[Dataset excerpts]
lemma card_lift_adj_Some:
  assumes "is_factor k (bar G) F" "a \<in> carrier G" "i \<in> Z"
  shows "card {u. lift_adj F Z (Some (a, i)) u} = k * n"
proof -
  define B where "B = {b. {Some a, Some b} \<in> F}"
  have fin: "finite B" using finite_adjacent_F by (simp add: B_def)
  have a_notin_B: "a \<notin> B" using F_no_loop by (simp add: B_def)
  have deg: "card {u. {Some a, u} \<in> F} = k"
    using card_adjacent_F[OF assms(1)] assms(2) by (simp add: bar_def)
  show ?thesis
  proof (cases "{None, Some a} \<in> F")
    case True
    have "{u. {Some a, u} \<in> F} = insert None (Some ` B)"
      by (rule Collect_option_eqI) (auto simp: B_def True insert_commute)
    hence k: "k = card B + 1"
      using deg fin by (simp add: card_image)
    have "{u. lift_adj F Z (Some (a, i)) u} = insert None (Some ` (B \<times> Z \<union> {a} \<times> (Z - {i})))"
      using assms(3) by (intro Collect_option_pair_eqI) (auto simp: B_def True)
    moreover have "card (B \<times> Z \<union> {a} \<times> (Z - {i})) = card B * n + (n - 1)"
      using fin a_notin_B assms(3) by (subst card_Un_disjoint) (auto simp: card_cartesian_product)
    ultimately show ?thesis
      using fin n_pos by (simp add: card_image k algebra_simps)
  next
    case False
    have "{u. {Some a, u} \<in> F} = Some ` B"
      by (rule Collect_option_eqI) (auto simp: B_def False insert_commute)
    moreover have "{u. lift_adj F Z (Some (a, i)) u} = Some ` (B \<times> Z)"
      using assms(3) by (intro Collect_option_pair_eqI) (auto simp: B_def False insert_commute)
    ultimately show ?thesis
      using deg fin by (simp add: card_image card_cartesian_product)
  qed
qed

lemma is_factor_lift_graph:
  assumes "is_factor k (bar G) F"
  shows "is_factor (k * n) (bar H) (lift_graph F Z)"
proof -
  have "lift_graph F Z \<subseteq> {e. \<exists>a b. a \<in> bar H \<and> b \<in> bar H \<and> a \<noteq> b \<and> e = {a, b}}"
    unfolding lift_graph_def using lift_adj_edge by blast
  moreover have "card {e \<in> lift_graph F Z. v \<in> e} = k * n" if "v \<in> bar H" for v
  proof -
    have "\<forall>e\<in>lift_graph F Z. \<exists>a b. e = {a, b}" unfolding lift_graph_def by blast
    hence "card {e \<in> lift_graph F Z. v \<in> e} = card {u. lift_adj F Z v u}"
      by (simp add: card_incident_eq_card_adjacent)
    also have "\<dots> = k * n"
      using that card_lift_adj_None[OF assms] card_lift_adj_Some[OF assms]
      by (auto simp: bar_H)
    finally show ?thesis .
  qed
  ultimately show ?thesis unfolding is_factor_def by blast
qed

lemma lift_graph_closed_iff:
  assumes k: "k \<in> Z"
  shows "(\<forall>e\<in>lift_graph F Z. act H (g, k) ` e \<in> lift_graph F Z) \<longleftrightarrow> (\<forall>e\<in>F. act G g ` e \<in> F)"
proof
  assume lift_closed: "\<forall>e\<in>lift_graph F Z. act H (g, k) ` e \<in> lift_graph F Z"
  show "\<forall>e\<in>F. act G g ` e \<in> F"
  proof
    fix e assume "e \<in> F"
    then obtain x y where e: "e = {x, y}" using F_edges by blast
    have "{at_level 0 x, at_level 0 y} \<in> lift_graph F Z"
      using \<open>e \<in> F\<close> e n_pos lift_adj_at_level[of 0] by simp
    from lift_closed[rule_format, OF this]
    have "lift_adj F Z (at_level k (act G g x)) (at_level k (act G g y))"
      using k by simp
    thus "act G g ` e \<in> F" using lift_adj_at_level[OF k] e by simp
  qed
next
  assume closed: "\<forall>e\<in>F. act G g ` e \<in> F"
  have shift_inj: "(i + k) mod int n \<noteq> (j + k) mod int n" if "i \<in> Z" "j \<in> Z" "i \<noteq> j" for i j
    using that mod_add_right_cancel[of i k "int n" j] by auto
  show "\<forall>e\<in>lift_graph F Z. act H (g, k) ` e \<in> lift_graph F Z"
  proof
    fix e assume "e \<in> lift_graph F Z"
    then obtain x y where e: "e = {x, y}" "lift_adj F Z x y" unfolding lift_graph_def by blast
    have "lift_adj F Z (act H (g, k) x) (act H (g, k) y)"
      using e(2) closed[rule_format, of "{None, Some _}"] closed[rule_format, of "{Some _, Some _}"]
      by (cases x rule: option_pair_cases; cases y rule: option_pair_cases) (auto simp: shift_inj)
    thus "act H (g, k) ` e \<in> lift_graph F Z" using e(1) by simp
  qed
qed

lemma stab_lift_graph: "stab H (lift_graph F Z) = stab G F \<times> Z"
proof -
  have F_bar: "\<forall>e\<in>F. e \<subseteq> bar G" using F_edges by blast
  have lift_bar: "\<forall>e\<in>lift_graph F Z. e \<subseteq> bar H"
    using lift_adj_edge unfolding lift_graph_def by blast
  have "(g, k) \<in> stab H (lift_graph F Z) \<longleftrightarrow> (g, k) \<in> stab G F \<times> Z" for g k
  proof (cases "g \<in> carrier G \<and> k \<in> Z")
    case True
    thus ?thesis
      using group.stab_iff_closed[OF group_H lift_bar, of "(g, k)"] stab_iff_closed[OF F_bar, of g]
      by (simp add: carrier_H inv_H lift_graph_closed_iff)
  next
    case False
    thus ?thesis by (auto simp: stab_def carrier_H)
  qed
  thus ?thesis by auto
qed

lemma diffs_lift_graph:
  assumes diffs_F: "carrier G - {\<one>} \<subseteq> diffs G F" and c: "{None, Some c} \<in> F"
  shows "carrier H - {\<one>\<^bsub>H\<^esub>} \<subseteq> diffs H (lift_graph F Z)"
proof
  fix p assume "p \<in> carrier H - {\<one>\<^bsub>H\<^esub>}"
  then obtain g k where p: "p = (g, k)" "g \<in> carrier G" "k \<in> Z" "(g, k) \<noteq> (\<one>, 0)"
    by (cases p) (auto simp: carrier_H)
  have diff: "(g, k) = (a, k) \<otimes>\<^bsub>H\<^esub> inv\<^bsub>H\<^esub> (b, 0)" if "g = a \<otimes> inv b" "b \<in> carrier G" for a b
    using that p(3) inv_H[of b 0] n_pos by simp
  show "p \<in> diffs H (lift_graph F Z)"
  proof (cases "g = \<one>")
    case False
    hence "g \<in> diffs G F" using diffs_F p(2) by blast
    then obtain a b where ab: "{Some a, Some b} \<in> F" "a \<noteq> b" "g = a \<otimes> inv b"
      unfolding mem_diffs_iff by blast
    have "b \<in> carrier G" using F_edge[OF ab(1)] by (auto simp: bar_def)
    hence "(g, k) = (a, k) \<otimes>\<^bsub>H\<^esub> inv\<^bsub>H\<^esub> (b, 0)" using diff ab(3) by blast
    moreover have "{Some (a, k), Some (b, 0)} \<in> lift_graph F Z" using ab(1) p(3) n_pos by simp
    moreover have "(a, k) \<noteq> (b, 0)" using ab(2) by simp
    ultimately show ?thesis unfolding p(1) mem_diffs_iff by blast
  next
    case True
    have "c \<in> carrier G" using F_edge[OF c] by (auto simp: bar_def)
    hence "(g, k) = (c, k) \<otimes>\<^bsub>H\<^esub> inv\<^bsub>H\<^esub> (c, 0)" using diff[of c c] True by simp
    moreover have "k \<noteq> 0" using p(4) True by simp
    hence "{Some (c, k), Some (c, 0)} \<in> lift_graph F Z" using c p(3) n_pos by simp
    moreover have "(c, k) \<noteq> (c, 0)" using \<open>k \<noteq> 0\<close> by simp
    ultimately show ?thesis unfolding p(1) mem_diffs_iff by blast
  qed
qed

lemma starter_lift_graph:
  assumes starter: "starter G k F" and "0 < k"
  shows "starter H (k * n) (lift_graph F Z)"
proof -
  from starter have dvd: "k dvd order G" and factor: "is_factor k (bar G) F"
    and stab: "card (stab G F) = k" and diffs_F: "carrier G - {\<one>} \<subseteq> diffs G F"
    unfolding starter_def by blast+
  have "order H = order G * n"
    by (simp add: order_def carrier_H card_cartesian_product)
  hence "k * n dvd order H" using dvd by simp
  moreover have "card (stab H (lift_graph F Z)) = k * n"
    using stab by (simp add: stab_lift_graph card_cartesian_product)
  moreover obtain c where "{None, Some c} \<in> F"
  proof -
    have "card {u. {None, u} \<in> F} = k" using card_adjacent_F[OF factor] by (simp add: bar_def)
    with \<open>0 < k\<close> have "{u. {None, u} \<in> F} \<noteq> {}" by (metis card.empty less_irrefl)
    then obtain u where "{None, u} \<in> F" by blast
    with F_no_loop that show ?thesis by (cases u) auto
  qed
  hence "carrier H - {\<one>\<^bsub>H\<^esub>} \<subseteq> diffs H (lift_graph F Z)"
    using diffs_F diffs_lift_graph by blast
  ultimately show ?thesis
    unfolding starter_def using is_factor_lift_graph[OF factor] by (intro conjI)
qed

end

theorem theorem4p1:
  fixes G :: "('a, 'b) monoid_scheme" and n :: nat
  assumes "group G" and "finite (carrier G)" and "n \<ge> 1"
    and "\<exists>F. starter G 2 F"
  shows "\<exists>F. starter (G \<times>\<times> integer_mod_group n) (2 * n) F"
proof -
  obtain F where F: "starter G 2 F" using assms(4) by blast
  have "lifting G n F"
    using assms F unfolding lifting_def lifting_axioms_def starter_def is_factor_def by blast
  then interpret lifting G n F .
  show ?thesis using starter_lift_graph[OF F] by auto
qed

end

_TASK GOAL:_ Taking the entries above, write out exactly each line from the one holding "using \<open>e \<in>" to the one holding "int n \<noteq>", both included, and stop there.

_TASK SOLUTION:_
      using \<open>e \<in> F\<close> e n_pos lift_adj_at_level[of 0] by simp
    from lift_closed[rule_format, OF this]
    have "lift_adj F Z (at_level k (act G g x)) (at_level k (act G g y))"
      using k by simp
    thus "act G g ` e \<in> F" using lift_adj_at_level[OF k] e by simp
  qed
next
  assume closed: "\<forall>e\<in>F. act G g ` e \<in> F"
  have shift_inj: "(i + k) mod int n \<noteq> (j + k) mod int n" if "i \<in> Z" "j \<in> Z" "i \<noteq> j" for i j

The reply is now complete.